__What you should do__.
Each line of the data that includes "shows" must be copied.

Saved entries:

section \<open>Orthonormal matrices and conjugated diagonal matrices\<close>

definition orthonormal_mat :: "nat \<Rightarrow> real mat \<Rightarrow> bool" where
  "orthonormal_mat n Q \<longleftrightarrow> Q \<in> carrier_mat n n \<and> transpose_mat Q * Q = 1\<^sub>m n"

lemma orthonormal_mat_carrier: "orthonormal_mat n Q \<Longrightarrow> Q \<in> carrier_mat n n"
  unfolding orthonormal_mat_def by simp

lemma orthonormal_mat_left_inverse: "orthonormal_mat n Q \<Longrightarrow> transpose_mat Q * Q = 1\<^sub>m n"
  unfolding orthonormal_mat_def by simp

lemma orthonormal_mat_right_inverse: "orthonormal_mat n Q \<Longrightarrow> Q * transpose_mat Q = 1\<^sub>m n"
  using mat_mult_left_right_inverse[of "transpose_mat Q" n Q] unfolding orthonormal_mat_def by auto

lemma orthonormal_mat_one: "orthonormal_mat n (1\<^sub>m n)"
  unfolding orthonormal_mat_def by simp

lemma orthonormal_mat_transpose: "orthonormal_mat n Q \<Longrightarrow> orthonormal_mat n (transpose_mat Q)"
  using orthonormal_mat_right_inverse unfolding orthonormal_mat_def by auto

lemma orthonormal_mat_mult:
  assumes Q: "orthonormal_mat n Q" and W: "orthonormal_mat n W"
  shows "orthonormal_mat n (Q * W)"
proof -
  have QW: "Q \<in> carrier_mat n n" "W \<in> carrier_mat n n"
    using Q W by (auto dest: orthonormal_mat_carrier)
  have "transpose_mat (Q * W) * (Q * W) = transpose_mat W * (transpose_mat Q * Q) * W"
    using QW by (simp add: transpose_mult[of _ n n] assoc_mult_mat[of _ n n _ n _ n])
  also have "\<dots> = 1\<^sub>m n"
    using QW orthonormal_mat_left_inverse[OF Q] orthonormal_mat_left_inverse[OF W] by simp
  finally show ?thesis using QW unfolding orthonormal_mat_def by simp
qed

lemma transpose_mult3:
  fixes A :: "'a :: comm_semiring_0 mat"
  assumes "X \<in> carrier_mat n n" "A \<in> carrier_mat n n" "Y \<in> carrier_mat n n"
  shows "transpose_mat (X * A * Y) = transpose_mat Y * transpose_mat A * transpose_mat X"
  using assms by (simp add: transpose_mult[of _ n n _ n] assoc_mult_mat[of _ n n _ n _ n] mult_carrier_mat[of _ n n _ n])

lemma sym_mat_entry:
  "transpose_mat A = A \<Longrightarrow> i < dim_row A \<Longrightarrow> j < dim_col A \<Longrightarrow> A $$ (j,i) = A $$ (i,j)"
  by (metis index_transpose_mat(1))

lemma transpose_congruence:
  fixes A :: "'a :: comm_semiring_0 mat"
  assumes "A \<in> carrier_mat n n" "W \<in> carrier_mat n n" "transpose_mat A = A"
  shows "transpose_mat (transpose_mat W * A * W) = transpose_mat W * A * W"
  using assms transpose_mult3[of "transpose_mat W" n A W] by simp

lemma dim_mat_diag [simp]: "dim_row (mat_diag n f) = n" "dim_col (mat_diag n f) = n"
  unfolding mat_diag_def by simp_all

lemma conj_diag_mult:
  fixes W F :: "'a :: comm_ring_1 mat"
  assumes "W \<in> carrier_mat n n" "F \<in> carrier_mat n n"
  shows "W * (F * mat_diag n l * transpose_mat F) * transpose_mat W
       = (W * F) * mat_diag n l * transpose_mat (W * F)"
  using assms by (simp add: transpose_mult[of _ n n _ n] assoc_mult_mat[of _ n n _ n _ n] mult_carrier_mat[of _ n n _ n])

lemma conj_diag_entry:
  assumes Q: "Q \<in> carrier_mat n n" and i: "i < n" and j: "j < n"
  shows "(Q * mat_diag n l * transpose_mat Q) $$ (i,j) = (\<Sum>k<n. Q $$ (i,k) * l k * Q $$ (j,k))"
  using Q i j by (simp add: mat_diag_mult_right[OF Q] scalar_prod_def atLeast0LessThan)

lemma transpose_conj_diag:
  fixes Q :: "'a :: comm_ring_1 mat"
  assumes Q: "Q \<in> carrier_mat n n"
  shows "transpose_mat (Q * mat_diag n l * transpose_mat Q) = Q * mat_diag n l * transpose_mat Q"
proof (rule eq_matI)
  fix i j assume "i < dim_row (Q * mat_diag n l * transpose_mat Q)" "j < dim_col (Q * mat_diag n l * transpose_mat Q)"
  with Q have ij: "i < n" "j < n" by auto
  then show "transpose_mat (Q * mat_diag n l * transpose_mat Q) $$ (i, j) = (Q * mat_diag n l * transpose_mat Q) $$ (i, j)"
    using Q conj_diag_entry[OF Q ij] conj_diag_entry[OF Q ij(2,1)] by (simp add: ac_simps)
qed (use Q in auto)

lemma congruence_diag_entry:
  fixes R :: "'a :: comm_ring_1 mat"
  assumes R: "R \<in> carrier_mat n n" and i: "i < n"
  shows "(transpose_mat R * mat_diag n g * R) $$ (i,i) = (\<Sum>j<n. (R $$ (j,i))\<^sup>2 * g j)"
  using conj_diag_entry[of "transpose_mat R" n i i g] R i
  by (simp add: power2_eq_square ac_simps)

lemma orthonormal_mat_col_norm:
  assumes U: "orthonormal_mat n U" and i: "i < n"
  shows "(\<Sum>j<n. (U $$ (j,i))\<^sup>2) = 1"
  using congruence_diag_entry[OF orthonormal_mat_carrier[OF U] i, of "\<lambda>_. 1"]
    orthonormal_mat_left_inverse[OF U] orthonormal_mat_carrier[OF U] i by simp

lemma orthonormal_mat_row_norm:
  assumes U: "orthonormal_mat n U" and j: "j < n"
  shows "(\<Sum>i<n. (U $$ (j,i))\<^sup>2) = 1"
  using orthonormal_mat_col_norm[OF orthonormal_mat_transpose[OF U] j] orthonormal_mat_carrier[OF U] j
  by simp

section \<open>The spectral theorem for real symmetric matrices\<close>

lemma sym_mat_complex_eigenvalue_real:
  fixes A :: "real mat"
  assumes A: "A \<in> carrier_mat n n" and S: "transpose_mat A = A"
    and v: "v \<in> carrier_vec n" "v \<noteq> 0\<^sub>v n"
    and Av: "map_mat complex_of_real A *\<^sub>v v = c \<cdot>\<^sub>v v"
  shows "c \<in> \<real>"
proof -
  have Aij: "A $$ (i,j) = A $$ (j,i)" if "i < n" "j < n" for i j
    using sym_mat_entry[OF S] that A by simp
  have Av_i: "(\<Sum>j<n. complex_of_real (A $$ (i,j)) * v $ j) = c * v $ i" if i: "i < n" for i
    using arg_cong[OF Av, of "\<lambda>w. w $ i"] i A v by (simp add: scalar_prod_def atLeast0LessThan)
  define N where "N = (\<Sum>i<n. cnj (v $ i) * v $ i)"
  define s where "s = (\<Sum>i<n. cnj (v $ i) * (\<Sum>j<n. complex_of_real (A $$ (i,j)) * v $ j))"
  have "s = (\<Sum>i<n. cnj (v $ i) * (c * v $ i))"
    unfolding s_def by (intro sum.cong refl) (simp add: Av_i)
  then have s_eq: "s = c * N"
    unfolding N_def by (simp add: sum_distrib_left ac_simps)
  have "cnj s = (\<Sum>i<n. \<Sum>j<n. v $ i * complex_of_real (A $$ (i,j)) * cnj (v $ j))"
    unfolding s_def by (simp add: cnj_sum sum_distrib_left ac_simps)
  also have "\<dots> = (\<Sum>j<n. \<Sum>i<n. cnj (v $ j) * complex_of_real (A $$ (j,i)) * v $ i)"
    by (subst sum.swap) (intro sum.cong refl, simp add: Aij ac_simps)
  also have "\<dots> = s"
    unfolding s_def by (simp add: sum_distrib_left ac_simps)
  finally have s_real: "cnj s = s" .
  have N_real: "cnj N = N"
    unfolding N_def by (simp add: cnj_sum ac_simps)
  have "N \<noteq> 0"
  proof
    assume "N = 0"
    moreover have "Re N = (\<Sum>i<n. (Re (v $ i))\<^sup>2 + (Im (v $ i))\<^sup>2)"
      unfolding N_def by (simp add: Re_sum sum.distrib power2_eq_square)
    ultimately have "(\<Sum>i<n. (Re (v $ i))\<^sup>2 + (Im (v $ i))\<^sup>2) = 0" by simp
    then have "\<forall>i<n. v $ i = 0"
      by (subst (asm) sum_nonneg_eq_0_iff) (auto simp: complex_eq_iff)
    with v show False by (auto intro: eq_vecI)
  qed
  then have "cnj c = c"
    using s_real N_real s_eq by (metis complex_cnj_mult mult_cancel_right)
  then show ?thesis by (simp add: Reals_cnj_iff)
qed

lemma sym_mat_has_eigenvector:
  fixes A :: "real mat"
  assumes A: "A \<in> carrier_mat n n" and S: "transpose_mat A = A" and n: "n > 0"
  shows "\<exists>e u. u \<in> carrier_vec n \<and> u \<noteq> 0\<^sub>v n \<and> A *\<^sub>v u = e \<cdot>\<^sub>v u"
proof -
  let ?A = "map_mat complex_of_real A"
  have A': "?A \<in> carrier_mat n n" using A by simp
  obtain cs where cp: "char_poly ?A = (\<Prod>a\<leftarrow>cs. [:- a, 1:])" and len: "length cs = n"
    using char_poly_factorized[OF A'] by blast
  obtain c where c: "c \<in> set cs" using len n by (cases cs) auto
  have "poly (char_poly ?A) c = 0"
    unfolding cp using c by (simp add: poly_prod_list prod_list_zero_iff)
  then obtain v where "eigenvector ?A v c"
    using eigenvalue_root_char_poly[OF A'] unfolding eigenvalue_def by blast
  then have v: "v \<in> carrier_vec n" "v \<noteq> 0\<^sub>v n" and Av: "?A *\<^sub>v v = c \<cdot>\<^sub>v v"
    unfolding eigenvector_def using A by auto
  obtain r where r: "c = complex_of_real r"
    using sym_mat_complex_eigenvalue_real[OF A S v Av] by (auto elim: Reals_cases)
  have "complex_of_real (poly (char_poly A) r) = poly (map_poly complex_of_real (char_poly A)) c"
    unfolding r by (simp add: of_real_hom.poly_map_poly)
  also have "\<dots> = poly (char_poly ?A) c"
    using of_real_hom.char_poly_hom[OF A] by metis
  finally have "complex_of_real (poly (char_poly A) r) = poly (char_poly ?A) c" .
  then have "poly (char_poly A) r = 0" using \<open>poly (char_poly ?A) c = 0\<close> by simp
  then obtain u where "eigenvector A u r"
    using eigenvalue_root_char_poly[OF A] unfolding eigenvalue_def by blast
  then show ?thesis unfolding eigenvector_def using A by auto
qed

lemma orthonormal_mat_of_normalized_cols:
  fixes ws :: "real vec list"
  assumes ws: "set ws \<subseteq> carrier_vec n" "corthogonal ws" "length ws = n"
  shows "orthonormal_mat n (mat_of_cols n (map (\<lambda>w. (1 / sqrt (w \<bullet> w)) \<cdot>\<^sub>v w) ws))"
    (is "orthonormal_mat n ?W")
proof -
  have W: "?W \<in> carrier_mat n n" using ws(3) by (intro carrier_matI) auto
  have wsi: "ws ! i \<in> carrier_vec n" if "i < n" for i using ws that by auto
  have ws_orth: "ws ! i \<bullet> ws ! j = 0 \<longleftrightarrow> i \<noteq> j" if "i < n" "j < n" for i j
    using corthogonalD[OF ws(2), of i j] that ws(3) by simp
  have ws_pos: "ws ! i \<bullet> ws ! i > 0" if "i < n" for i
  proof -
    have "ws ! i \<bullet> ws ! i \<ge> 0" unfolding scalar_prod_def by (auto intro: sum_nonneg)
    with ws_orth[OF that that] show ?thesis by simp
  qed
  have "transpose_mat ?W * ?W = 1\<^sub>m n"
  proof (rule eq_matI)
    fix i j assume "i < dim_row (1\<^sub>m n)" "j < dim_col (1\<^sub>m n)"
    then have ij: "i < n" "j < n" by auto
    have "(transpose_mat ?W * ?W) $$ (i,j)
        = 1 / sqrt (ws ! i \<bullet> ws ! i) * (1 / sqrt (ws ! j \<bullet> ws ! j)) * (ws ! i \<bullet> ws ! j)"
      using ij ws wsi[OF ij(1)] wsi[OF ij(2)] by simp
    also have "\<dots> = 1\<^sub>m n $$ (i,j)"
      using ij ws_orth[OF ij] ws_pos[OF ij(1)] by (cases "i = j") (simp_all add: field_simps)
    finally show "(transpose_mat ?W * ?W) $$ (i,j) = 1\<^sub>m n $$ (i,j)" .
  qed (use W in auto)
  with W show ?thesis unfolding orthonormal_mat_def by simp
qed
--
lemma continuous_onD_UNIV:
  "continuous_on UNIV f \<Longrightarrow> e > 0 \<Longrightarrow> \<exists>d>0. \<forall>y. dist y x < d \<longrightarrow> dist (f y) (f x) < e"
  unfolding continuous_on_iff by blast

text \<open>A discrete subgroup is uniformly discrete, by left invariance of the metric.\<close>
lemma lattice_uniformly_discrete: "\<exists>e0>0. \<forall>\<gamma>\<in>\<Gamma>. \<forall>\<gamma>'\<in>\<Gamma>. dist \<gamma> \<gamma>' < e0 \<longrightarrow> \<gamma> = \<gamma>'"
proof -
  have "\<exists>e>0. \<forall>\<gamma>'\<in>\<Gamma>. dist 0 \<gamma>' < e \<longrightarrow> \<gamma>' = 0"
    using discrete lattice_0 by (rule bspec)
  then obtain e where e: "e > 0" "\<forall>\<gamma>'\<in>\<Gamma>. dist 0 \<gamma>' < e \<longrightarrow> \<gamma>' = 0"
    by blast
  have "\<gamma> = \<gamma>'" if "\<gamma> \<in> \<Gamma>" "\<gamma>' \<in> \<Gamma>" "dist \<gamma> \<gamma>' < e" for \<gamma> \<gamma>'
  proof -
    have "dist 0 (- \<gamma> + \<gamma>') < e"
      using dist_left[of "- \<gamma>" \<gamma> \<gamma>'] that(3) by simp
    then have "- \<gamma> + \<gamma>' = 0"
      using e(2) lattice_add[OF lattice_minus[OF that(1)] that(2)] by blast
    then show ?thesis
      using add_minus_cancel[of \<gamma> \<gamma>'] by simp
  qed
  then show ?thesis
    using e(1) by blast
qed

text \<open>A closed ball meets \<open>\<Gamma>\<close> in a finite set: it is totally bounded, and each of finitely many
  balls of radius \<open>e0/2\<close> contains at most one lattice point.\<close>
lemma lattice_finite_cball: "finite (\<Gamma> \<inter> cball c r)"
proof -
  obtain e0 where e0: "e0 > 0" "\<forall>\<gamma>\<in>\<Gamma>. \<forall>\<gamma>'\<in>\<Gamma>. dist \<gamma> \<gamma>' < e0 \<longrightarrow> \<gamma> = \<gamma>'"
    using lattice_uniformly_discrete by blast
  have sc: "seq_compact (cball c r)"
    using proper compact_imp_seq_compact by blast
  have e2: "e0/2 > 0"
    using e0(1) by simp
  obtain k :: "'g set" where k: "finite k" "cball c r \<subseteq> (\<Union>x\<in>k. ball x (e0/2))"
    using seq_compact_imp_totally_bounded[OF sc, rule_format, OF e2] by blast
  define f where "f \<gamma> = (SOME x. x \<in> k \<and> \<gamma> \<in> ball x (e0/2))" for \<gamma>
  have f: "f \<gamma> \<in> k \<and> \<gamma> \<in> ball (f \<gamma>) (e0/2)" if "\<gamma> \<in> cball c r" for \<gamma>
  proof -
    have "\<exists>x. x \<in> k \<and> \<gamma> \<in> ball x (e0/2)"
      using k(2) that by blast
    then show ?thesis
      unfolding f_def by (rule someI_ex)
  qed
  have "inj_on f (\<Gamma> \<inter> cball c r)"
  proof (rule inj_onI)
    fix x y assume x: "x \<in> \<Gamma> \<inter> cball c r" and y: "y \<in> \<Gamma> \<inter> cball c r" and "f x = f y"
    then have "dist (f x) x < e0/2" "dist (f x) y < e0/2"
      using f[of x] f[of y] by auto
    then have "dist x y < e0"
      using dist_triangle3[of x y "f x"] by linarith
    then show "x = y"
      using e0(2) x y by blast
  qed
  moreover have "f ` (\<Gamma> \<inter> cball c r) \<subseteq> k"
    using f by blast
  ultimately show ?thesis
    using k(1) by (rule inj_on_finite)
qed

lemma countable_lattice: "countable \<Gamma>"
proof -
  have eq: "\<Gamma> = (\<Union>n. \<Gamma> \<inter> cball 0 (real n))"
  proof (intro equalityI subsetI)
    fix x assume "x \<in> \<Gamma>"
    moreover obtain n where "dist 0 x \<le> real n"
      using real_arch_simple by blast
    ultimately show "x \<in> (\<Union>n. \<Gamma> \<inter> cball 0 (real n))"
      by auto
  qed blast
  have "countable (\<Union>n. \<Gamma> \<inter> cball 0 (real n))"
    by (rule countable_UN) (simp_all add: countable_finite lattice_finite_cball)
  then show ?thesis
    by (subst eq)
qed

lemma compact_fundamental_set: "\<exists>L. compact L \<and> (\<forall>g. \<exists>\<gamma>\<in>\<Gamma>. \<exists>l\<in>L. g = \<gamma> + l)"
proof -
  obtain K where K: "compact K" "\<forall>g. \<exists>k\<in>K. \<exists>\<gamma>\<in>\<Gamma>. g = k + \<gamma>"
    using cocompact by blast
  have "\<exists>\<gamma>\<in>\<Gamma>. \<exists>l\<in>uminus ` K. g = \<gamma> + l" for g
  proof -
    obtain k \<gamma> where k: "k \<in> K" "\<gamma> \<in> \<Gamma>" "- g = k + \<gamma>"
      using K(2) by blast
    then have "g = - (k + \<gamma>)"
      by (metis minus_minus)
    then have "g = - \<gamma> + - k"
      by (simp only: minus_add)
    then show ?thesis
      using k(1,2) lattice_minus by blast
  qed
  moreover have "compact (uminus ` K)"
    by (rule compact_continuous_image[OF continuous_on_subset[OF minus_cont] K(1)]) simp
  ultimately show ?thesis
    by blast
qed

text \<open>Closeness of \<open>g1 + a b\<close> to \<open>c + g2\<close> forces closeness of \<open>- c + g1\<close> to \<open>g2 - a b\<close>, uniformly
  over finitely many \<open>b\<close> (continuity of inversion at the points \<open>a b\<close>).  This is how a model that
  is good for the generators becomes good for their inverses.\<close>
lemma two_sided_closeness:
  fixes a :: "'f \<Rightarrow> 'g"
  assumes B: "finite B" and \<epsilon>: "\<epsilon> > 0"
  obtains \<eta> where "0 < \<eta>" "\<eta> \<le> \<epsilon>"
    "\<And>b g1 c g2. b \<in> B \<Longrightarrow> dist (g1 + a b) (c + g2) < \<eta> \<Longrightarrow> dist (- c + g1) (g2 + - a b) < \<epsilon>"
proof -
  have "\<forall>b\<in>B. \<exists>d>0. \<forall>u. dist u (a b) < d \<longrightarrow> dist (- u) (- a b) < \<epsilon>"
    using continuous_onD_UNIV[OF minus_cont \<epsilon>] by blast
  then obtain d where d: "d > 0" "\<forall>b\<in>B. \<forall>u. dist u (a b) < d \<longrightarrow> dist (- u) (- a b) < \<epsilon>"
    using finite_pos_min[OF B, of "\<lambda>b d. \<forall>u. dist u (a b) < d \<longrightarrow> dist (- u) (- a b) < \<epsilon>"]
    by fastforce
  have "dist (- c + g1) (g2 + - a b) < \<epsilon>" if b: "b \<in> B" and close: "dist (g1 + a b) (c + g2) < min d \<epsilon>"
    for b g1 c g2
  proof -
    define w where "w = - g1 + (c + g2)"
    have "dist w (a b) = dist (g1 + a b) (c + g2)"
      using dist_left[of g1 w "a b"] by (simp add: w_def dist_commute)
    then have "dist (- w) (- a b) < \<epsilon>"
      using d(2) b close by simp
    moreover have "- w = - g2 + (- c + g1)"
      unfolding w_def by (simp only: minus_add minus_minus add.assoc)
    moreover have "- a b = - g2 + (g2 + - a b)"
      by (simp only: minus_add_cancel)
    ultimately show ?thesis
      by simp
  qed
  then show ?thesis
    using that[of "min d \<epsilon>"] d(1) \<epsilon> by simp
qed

__Output__.
  shows "orthonormal_mat n (Q * W)"
  shows "transpose_mat (X * A * Y) = transpose_mat Y * transpose_mat A * transpose_mat X"
  shows "transpose_mat (transpose_mat W * A * W) = transpose_mat W * A * W"
  shows "W * (F * mat_diag n l * transpose_mat F) * transpose_mat W
  shows "(Q * mat_diag n l * transpose_mat Q) $$ (i,j) = (\<Sum>k<n. Q $$ (i,k) * l k * Q $$ (j,k))"
  shows "transpose_mat (Q * mat_diag n l * transpose_mat Q) = Q * mat_diag n l * transpose_mat Q"
  shows "(transpose_mat R * mat_diag n g * R) $$ (i,i) = (\<Sum>j<n. (R $$ (j,i))\<^sup>2 * g j)"
  shows "(\<Sum>j<n. (U $$ (j,i))\<^sup>2) = 1"
  shows "(\<Sum>i<n. (U $$ (j,i))\<^sup>2) = 1"
  shows "c \<in> \<real>"
  shows "\<exists>e u. u \<in> carrier_vec n \<and> u \<noteq> 0\<^sub>v n \<and> A *\<^sub>v u = e \<cdot>\<^sub>v u"
  shows "orthonormal_mat n (mat_of_cols n (map (\<lambda>w. (1 / sqrt (w \<bullet> w)) \<cdot>\<^sub>v w) ws))"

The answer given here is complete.